As the post-’60s era unfolded, being a Jew in show business became something worth celebrating, as comedian Jackie Mason discovered with his sensational comeback in the 1980s; as younger comics such as Jerry Seinfeld and Richard Lewis proved on their TV sitcoms (“Seinfeld” and “Anything But Love,” respectively); and as Steven Spielberg showed in 1993 with his harrowing, multi-Oscar-winning film “Schindler’s List.”

The tragic irony is that precisely as Judaism and Jewish culture were being honored anew, anti-Semitism in show business was becoming increasingly pronounced. The demeaning portraits of religious Jews in some of Ralph Bakshi’s animated films, such as “Fritz the Cat,” in the 1970s raised the curtain on slurs yet to come.

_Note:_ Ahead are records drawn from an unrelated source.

definition frac_ideal :: "complex set \<Rightarrow> complex set \<Rightarrow> complex set \<Rightarrow> bool" where
  "frac_ideal \<O> K A \<longleftrightarrow> A \<subseteq> K \<and> 0 \<in> A \<and> (\<forall>x\<in>A. \<forall>y\<in>A. x + y \<in> A) \<and>
     (\<forall>r\<in>\<O>. \<forall>x\<in>A. r * x \<in> A) \<and> (\<exists>l\<in>K. l \<noteq> 0 \<and> (\<forall>x\<in>A. l * x \<in> \<O>))"

text \<open>Inverse of a fractional ideal: \<open>(\<O> : B) = {x \<in> K. x B \<subseteq> \<O>}\<close>
  (this is \<open>B\<^sup>-\<^sup>1\<close> when \<open>B\<close> is invertible).\<close>
definition frac_inv :: "complex set \<Rightarrow> complex set \<Rightarrow> complex set \<Rightarrow> complex set" where
  "frac_inv \<O> K B = {x \<in> K. \<forall>y\<in>B. x * y \<in> \<O>}"

definition J_coprime :: "complex set \<Rightarrow> complex set \<Rightarrow> complex set \<Rightarrow> complex set set" where
  "J_coprime \<O> K m = {fideal_prod a (frac_inv \<O> K b) | a b.
     a \<in> I_inv \<O> \<and> a \<in> I_coprime \<O> m \<and> b \<in> I_inv \<O> \<and> b \<in> I_coprime \<O> m}"

end

theory Submission
  imports Defs
begin

text \<open>
  One half of (1) holds in every commutative ring: if \<open>a + m\<^sub>2 = \<O>\<close> but \<open>a + m\<^sub>1 \<noteq> \<O>\<close>,
  then a maximal ideal containing \<open>a + m\<^sub>1\<close> is prime, hence contains \<open>m\<^sub>2\<close> and \<open>a + m\<^sub>2\<close>.

  Everything else rests on two properties of an order: every nonzero ideal contains a positive
  integer \<open>N\<close>, and \<open>\<O>/N\<O>\<close> is finite. By finiteness some power \<open>y\<^sup>n\<close> of every element is
  idempotent modulo \<open>N\<close>, so a prime \<open>P \<ni> N\<close> that misses \<open>y\<close> contains \<open>y\<^sup>n - 1\<close>, and then
  \<open>P + m\<^sub>2 = \<O>\<close> whenever \<open>y \<in> m\<^sub>2\<close>. This is the other half of (1).

  For (3) take \<open>N \<in> m\<close> and \<open>E \<in> m\<close> idempotent modulo \<open>N\<^sup>2\<close> such that \<open>a\<^sup>k E \<equiv> a\<^sup>k\<close> for every
  \<open>a \<in> m\<close> and some \<open>k > 0\<close> (glue the idempotent powers of finitely many residues together).
  Then \<open>z = N(1 - E) + E\<close> and \<open>z' = NE + (1 - E)\<close> satisfy \<open>z z' \<in> N(1 + N\<O>)\<close> and
  \<open>z + z' = N + 1\<close>, which gives \<open>(z, N\<^sup>2)(z', N\<^sup>2) = N\<O>\<close>. So \<open>(z, N\<^sup>2) \<subseteq> m\<close> is invertible,
  and a prime containing it contains \<open>N\<close>, then \<open>E\<close>, then all of \<open>m\<close>; by (1) it is coprime to
  the same ideals as \<open>m\<close>. Part (2) is immediate because \<open>J\<^sup>*\<^sub>m\<close> depends on \<open>m\<close> only through
  \<open>I\<^sub>m\<close>.
\<close>

definition primes_over :: "complex set \<Rightarrow> complex set \<Rightarrow> complex set set" where
  "primes_over R m = {P. prime_ideal_of R P \<and> m \<subseteq> P}"

definition cong_mod :: "complex set \<Rightarrow> complex \<Rightarrow> complex \<Rightarrow> complex \<Rightarrow> bool" where
  "cong_mod R M x y \<longleftrightarrow> (\<exists>w\<in>R. x - y = M * w)"

lemma J_coprime_mono: "I_coprime R m2 \<subseteq> I_coprime R m1 \<Longrightarrow> J_coprime R K m2 \<subseteq> J_coprime R K m1"
  unfolding J_coprime_def by blast

lemma fideal_prod_mem: "x \<in> A \<Longrightarrow> y \<in> B \<Longrightarrow> x * y \<in> fideal_prod A B"
  unfolding fideal_prod_def
  by (rule CollectI, rule exI[of _ 1], rule exI[of _ "\<lambda>_. x"], rule exI[of _ "\<lambda>_. y"]) simp

lemma fideal_prod_add:
  assumes "p \<in> fideal_prod A B" "q \<in> fideal_prod A B"
  shows "p + q \<in> fideal_prod A B"
proof -
  obtain k :: nat and x y where p: "p = (\<Sum>i<k. x i * y i)" "\<forall>i<k. x i \<in> A \<and> y i \<in> B"
    using assms(1) unfolding fideal_prod_def by blast
  obtain l :: nat and x' y' where q: "q = (\<Sum>i<l. x' i * y' i)" "\<forall>i<l. x' i \<in> A \<and> y' i \<in> B"
    using assms(2) unfolding fideal_prod_def by blast
  define u where "u i = (if i < k then x i else x' (i - k))" for i
  define v where "v i = (if i < k then y i else y' (i - k))" for i
  have "(\<Sum>i<k + l. u i * v i) = (\<Sum>i<k. u i * v i) + (\<Sum>i=k..<k + l. u i * v i)"
    by (simp add: sum.atLeastLessThan_concat flip: atLeast0LessThan)
  also have "(\<Sum>i=k..<k + l. u i * v i) = (\<Sum>i=k..<k + l. x' (i - k) * y' (i - k))"
    unfolding u_def v_def by simp
  also have "\<dots> = q"
    using sum.shift_bounds_nat_ivl[of "\<lambda>i. x' (i - k) * y' (i - k)" 0 k l]
    by (simp add: q(1) atLeast0LessThan add.commute)
  also have "(\<Sum>i<k. u i * v i) = p"
    unfolding p(1) u_def v_def by simp
  finally have "(\<Sum>i<k + l. u i * v i) = p + q" .
  moreover have "\<forall>i<k + l. u i \<in> A \<and> v i \<in> B"
    using p(2) q(2) unfolding u_def v_def by auto
  ultimately show ?thesis
    unfolding fideal_prod_def by (intro CollectI exI[of _ "k + l"] exI[of _ u] exI[of _ v]) simp
qed

lemma fideal_prod_subset:
  assumes "0 \<in> C" and add: "\<And>a b. a \<in> C \<Longrightarrow> b \<in> C \<Longrightarrow> a + b \<in> C"
    and mult: "\<And>x y. x \<in> A \<Longrightarrow> y \<in> B \<Longrightarrow> x * y \<in> C"
  shows "fideal_prod A B \<subseteq> C"
proof
  fix p assume "p \<in> fideal_prod A B"
  then obtain k :: nat and x y where p: "p = (\<Sum>i<k. x i * y i)" "\<forall>i<k. x i \<in> A \<and> y i \<in> B"
    unfolding fideal_prod_def by blast
  have "(\<Sum>i<j. x i * y i) \<in> C" if "j \<le> k" for j
    using that by (induction j) (simp_all add: \<open>0 \<in> C\<close> add mult p(2))
  then show "p \<in> C" using p(1) by simp
qed

section \<open>Ideals of subrings of \<open>\<complex>\<close>\<close>

locale complex_subring =
  fixes R :: "complex set"
  assumes zero_mem [simp, intro]: "0 \<in> R"
    and one_mem [simp, intro]: "1 \<in> R"
    and add_mem [intro]: "x \<in> R \<Longrightarrow> y \<in> R \<Longrightarrow> x + y \<in> R"
    and diff_mem [intro]: "x \<in> R \<Longrightarrow> y \<in> R \<Longrightarrow> x - y \<in> R"
    and mult_mem [intro]: "x \<in> R \<Longrightarrow> y \<in> R \<Longrightarrow> x * y \<in> R"
begin

lemma uminus_mem [intro]: "x \<in> R \<Longrightarrow> - x \<in> R"
  using diff_mem[of 0 x] by simp

lemma of_int_mem [simp, intro]: "of_int k \<in> R"
proof (induction k rule: int_induct[where k = 0])
  case (step1 i)
  then show ?case using add_mem[OF _ one_mem] by simp
next
  case (step2 i)
  then show ?case using diff_mem[OF _ one_mem] by simp
qed simp

lemma power_mem [intro]: "x \<in> R \<Longrightarrow> x ^ n \<in> R"
  by (induction n) auto

lemma sum_mem [intro]: "(\<And>i. i \<in> A \<Longrightarrow> f i \<in> R) \<Longrightarrow> sum f A \<in> R"
  by (induction A rule: infinite_finite_induct) (simp_all add: add_mem)

lemma principal_mem: "u \<in> R \<Longrightarrow> g * u \<in> principal R g"
  unfolding principal_def by blast

lemma set_sum_mem: "a \<in> A \<Longrightarrow> b \<in> B \<Longrightarrow> a + b \<in> set_sum A B"
  unfolding set_sum_def by blast

lemma ideal_subset: "ideal_of R I \<Longrightarrow> I \<subseteq> R"
  and ideal_zero: "ideal_of R I \<Longrightarrow> 0 \<in> I"
  and ideal_add: "ideal_of R I \<Longrightarrow> x \<in> I \<Longrightarrow> y \<in> I \<Longrightarrow> x + y \<in> I"
  and ideal_mult_left: "ideal_of R I \<Longrightarrow> r \<in> R \<Longrightarrow> x \<in> I \<Longrightarrow> r * x \<in> I"
  unfolding ideal_of_def by auto

lemma ideal_mult_right: "ideal_of R I \<Longrightarrow> r \<in> R \<Longrightarrow> x \<in> I \<Longrightarrow> x * r \<in> I"
  using ideal_mult_left by (simp add: mult.commute)

lemma ideal_uminus: "ideal_of R I \<Longrightarrow> x \<in> I \<Longrightarrow> - x \<in> I"
  using ideal_mult_left[of I "- 1" x] uminus_mem[OF one_mem] by simp

lemma ideal_diff: "ideal_of R I \<Longrightarrow> x \<in> I \<Longrightarrow> y \<in> I \<Longrightarrow> x - y \<in> I"
  using ideal_add[of I x "- y"] ideal_uminus[of I y] by simp

lemma ideal_power:
  assumes I: "ideal_of R I" and x: "x \<in> I"
  shows "n > 0 \<Longrightarrow> x ^ n \<in> I"
proof (induction n)
  case (Suc n)
  have "x \<in> R" using ideal_subset[OF I] x by blast
  with Suc x show ?case
    by (cases "n = 0") (simp_all add: ideal_mult_left[OF I])
qed simp

lemma ideal_eq_if_one_mem:
  assumes I: "ideal_of R I" and one: "1 \<in> I"
  shows "I = R"
proof
  show "I \<subseteq> R" using ideal_subset[OF I] .
  show "R \<subseteq> I" using ideal_mult_left[OF I _ one] by (simp add: subset_iff)
qed

lemma ideal_principal:
  assumes g: "g \<in> R"
  shows "ideal_of R (principal R g)"
  unfolding ideal_of_def
proof (intro conjI ballI)
  show "principal R g \<subseteq> R"
    unfolding principal_def using g by blast
  show "0 \<in> principal R g"
    using principal_mem[OF zero_mem, of g] by simp
next
  fix u v assume "u \<in> principal R g" "v \<in> principal R g"
  then obtain a b where "u = g * a" "v = g * b" "a \<in> R" "b \<in> R"
    unfolding principal_def by blast
  then show "u + v \<in> principal R g"
    using principal_mem[OF add_mem[OF \<open>a \<in> R\<close> \<open>b \<in> R\<close>], of g] by (simp add: distrib_left)
next
  fix r u assume "r \<in> R" "u \<in> principal R g"
  then obtain a where "u = g * a" "a \<in> R"
    unfolding principal_def by blast
  then show "r * u \<in> principal R g"
    using principal_mem[OF mult_mem[OF \<open>r \<in> R\<close> \<open>a \<in> R\<close>], of g] by (simp add: mult.left_commute)
qed

lemma ideal_set_sum:
  assumes A: "ideal_of R A" and B: "ideal_of R B"
  shows "ideal_of R (set_sum A B)"
  unfolding ideal_of_def
proof (intro conjI ballI)
  show "set_sum A B \<subseteq> R"
    using ideal_subset[OF A] ideal_subset[OF B] unfolding set_sum_def by blast
  show "0 \<in> set_sum A B"
    using set_sum_mem[OF ideal_zero[OF A] ideal_zero[OF B]] by simp
next
  fix u v assume "u \<in> set_sum A B" "v \<in> set_sum A B"
  then obtain a b a' b' where "u = a + b" "v = a' + b'" "a \<in> A" "b \<in> B" "a' \<in> A" "b' \<in> B"
    unfolding set_sum_def by blast
  then show "u + v \<in> set_sum A B"
    using set_sum_mem[OF ideal_add[OF A] ideal_add[OF B]] by (simp add: add_ac)
next
  fix r u assume "r \<in> R" "u \<in> set_sum A B"
  then obtain a b where "u = a + b" "a \<in> A" "b \<in> B"
    unfolding set_sum_def by blast
  then show "r * u \<in> set_sum A B"
    using set_sum_mem[OF ideal_mult_left[OF A] ideal_mult_left[OF B]] \<open>r \<in> R\<close>
    by (simp add: distrib_left)
qed

lemma set_sum_subset: "ideal_of R P \<Longrightarrow> A \<subseteq> P \<Longrightarrow> B \<subseteq> P \<Longrightarrow> set_sum A B \<subseteq> P"
  unfolding set_sum_def using ideal_add by blast

lemma subset_set_sum_left: "ideal_of R B \<Longrightarrow> A \<subseteq> set_sum A B"
  using set_sum_mem[OF _ ideal_zero] by fastforce

lemma subset_set_sum_right: "ideal_of R A \<Longrightarrow> B \<subseteq> set_sum A B"
  using set_sum_mem[OF ideal_zero] by fastforce

lemma set_sum_eq_carrier:
  assumes A: "ideal_of R A" and B: "ideal_of R B"
    and "a \<in> A" "b \<in> B" "a + b = 1"
  shows "set_sum A B = R"
  using ideal_eq_if_one_mem[OF ideal_set_sum[OF A B]] set_sum_mem[OF assms(3,4)] assms(5) by simp

section \<open>Prime ideals\<close>

lemma prime_ideal_one_not_mem: "prime_ideal_of R P \<Longrightarrow> 1 \<notin> P"
  unfolding prime_ideal_of_def using ideal_eq_if_one_mem[of P] by auto

lemma prime_ideal_power_mem:
  assumes P: "prime_ideal_of R P" and x: "x \<in> R"
  shows "x ^ n \<in> P \<Longrightarrow> x \<in> P"
proof (induction n)
  case 0
  then show ?case using prime_ideal_one_not_mem[OF P] by simp
next
  case (Suc n)
  then have "x * x ^ n \<in> P" by simp
  then have "x \<in> P \<or> x ^ n \<in> P"
    using P x power_mem[OF x] unfolding prime_ideal_of_def by blast
  with Suc.IH show ?case by blast
qed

Certainly the gangsta rap of the late 1980s and ’90s represented a remarkable flowering of boldly anti-Semitic lyrics. In “No Vaseline” (1991), for instance, Ice Cube raps: “ya can’t be the nigger-for-life crew/with a white Jew tellin’ ya what to do.”

All of which brings us to Michael Jackson, who has broken new ground as the first major pop star to invoke in his music the same term that Jews of the ’20s and ’30s used to malign themselves, “kike.”

What could have prompted Jackson to do it?

“It has something to do with black-Jewish relations, and with black relations to American society, particularly in the last few years,” says author Gabler, speaking from his home on the East Coast. “One of the things we’re seeing in gangsta rap is what Michael Jackson’s song is all about, and that is black rage.

“There’s a great deal of black rage out there, and it’s directed not only against Jews but against all groups.”

The flareup occurred, however, because Jackson’s rage was directed not against all groups but, rather, solely against Jews.

Of course, it’s essential to note that Jews have not suffered alone at the hands of American pop culture.

Ugly and stereotypical portraits of many ethnic groups similarly span the century, from demeaning portraits of blacks in vintage movies (“Gone With the Wind”) and TV shows (“Amos ‘n’ Andy”) to the more recent, although more subtle portrayal of Arabs in Disney’s “Aladdin” (1992), for which the studio eventually rewrote offensive lyrics.

But in this media-saturated age, expressions of anti-Semitism and racism are more vividly, more widely and more pervasively disseminated than ever.

Michael Jackson may be in the hot seat now, having agreed to rewrite the offending lyrics for subsequent pressings of his new album, but you can bet it won’t be long before someone else picks up where Jackson’s tune left off. It remains to be seen whether it will be a rapper or a mainstream icon.